When you answer, give every record back exactly as written.

(Material provided begins)

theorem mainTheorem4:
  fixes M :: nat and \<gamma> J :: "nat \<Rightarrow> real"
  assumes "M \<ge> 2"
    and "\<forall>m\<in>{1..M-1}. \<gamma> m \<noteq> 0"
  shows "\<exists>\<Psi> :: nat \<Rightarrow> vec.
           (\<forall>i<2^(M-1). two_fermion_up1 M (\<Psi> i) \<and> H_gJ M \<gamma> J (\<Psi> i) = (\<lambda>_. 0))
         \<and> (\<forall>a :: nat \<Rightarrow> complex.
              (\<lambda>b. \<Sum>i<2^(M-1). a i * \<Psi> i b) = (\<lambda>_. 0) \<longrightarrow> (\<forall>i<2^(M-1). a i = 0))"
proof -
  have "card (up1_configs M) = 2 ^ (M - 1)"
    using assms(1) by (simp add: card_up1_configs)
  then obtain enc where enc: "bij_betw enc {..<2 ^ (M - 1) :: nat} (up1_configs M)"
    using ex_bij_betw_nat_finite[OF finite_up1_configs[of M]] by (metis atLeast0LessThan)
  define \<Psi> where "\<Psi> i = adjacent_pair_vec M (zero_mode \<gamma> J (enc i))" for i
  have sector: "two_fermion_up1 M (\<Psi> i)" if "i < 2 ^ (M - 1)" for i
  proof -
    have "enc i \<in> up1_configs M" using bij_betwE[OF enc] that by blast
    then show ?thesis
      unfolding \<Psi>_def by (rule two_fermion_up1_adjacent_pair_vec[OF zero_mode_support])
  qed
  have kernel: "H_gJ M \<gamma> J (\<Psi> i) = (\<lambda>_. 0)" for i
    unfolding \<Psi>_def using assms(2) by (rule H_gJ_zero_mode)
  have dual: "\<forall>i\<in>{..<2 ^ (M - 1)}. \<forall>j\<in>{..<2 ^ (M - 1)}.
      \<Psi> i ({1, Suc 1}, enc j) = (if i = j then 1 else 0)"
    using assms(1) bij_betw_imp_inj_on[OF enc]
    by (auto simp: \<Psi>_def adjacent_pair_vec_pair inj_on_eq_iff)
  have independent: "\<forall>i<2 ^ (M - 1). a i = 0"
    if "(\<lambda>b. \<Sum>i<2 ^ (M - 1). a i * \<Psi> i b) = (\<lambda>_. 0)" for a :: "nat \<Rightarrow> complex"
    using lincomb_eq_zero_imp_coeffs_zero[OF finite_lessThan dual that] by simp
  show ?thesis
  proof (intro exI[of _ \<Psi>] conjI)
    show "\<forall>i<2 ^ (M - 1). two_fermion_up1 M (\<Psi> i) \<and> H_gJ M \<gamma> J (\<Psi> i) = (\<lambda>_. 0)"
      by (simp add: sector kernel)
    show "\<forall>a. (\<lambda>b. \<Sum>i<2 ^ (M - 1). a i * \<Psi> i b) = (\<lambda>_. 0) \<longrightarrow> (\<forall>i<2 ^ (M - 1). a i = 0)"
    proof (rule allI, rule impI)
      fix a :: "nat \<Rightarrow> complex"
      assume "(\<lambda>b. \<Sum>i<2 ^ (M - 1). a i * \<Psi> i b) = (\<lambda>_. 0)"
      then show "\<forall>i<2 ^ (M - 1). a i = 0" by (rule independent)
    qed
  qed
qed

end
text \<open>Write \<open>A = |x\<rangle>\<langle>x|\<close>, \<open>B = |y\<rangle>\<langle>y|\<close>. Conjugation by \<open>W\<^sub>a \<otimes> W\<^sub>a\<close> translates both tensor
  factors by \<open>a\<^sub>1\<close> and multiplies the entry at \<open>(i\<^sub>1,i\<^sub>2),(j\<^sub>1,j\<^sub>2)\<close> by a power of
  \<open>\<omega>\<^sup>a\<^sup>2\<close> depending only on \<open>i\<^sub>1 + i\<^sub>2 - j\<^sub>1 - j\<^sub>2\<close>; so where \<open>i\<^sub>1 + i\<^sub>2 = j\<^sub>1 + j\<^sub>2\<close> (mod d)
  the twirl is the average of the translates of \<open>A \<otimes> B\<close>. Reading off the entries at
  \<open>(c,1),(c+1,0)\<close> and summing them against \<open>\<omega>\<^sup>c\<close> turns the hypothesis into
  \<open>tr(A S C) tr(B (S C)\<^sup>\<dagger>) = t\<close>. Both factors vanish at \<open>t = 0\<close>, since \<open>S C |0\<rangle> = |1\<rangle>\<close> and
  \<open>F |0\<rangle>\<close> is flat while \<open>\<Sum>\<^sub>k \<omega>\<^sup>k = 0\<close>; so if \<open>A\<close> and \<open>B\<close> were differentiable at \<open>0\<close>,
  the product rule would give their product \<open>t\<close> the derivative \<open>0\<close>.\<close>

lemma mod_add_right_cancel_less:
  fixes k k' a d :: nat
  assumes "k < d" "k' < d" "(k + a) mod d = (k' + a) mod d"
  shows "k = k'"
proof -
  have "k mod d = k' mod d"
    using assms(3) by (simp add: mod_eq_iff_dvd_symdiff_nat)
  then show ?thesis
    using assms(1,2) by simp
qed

(Material provided ends)

## Response area
theorem mainTheorem4:
  fixes M :: nat and \<gamma> J :: "nat \<Rightarrow> real"
  assumes "M \<ge> 2"
    and "\<forall>m\<in>{1..M-1}. \<gamma> m \<noteq> 0"
  shows "\<exists>\<Psi> :: nat \<Rightarrow> vec.
           (\<forall>i<2^(M-1). two_fermion_up1 M (\<Psi> i) \<and> H_gJ M \<gamma> J (\<Psi> i) = (\<lambda>_. 0))
         \<and> (\<forall>a :: nat \<Rightarrow> complex.
              (\<lambda>b. \<Sum>i<2^(M-1). a i * \<Psi> i b) = (\<lambda>_. 0) \<longrightarrow> (\<forall>i<2^(M-1). a i = 0))"
proof -
  have "card (up1_configs M) = 2 ^ (M - 1)"
    using assms(1) by (simp add: card_up1_configs)
  then obtain enc where enc: "bij_betw enc {..<2 ^ (M - 1) :: nat} (up1_configs M)"
    using ex_bij_betw_nat_finite[OF finite_up1_configs[of M]] by (metis atLeast0LessThan)
  define \<Psi> where "\<Psi> i = adjacent_pair_vec M (zero_mode \<gamma> J (enc i))" for i
  have sector: "two_fermion_up1 M (\<Psi> i)" if "i < 2 ^ (M - 1)" for i
  proof -
    have "enc i \<in> up1_configs M" using bij_betwE[OF enc] that by blast
    then show ?thesis
      unfolding \<Psi>_def by (rule two_fermion_up1_adjacent_pair_vec[OF zero_mode_support])
  qed
  have kernel: "H_gJ M \<gamma> J (\<Psi> i) = (\<lambda>_. 0)" for i
    unfolding \<Psi>_def using assms(2) by (rule H_gJ_zero_mode)
  have dual: "\<forall>i\<in>{..<2 ^ (M - 1)}. \<forall>j\<in>{..<2 ^ (M - 1)}.
      \<Psi> i ({1, Suc 1}, enc j) = (if i = j then 1 else 0)"
    using assms(1) bij_betw_imp_inj_on[OF enc]
    by (auto simp: \<Psi>_def adjacent_pair_vec_pair inj_on_eq_iff)
  have independent: "\<forall>i<2 ^ (M - 1). a i = 0"
    if "(\<lambda>b. \<Sum>i<2 ^ (M - 1). a i * \<Psi> i b) = (\<lambda>_. 0)" for a :: "nat \<Rightarrow> complex"
    using lincomb_eq_zero_imp_coeffs_zero[OF finite_lessThan dual that] by simp
  show ?thesis
  proof (intro exI[of _ \<Psi>] conjI)
    show "\<forall>i<2 ^ (M - 1). two_fermion_up1 M (\<Psi> i) \<and> H_gJ M \<gamma> J (\<Psi> i) = (\<lambda>_. 0)"
      by (simp add: sector kernel)
    show "\<forall>a. (\<lambda>b. \<Sum>i<2 ^ (M - 1). a i * \<Psi> i b) = (\<lambda>_. 0) \<longrightarrow> (\<forall>i<2 ^ (M - 1). a i = 0)"
    proof (rule allI, rule impI)
      fix a :: "nat \<Rightarrow> complex"
      assume "(\<lambda>b. \<Sum>i<2 ^ (M - 1). a i * \<Psi> i b) = (\<lambda>_. 0)"
      then show "\<forall>i<2 ^ (M - 1). a i = 0" by (rule independent)
    qed
  qed
qed

end
text \<open>Write \<open>A = |x\<rangle>\<langle>x|\<close>, \<open>B = |y\<rangle>\<langle>y|\<close>. Conjugation by \<open>W\<^sub>a \<otimes> W\<^sub>a\<close> translates both tensor
  factors by \<open>a\<^sub>1\<close> and multiplies the entry at \<open>(i\<^sub>1,i\<^sub>2),(j\<^sub>1,j\<^sub>2)\<close> by a power of
  \<open>\<omega>\<^sup>a\<^sup>2\<close> depending only on \<open>i\<^sub>1 + i\<^sub>2 - j\<^sub>1 - j\<^sub>2\<close>; so where \<open>i\<^sub>1 + i\<^sub>2 = j\<^sub>1 + j\<^sub>2\<close> (mod d)
  the twirl is the average of the translates of \<open>A \<otimes> B\<close>. Reading off the entries at
  \<open>(c,1),(c+1,0)\<close> and summing them against \<open>\<omega>\<^sup>c\<close> turns the hypothesis into
  \<open>tr(A S C) tr(B (S C)\<^sup>\<dagger>) = t\<close>. Both factors vanish at \<open>t = 0\<close>, since \<open>S C |0\<rangle> = |1\<rangle>\<close> and
  \<open>F |0\<rangle>\<close> is flat while \<open>\<Sum>\<^sub>k \<omega>\<^sup>k = 0\<close>; so if \<open>A\<close> and \<open>B\<close> were differentiable at \<open>0\<close>,
  the product rule would give their product \<open>t\<close> the derivative \<open>0\<close>.\<close>

lemma mod_add_right_cancel_less:
  fixes k k' a d :: nat
  assumes "k < d" "k' < d" "(k + a) mod d = (k' + a) mod d"
  shows "k = k'"
proof -
  have "k mod d = k' mod d"
    using assms(3) by (simp add: mod_eq_iff_dvd_symdiff_nat)
  then show ?thesis
    using assms(1,2) by simp
qed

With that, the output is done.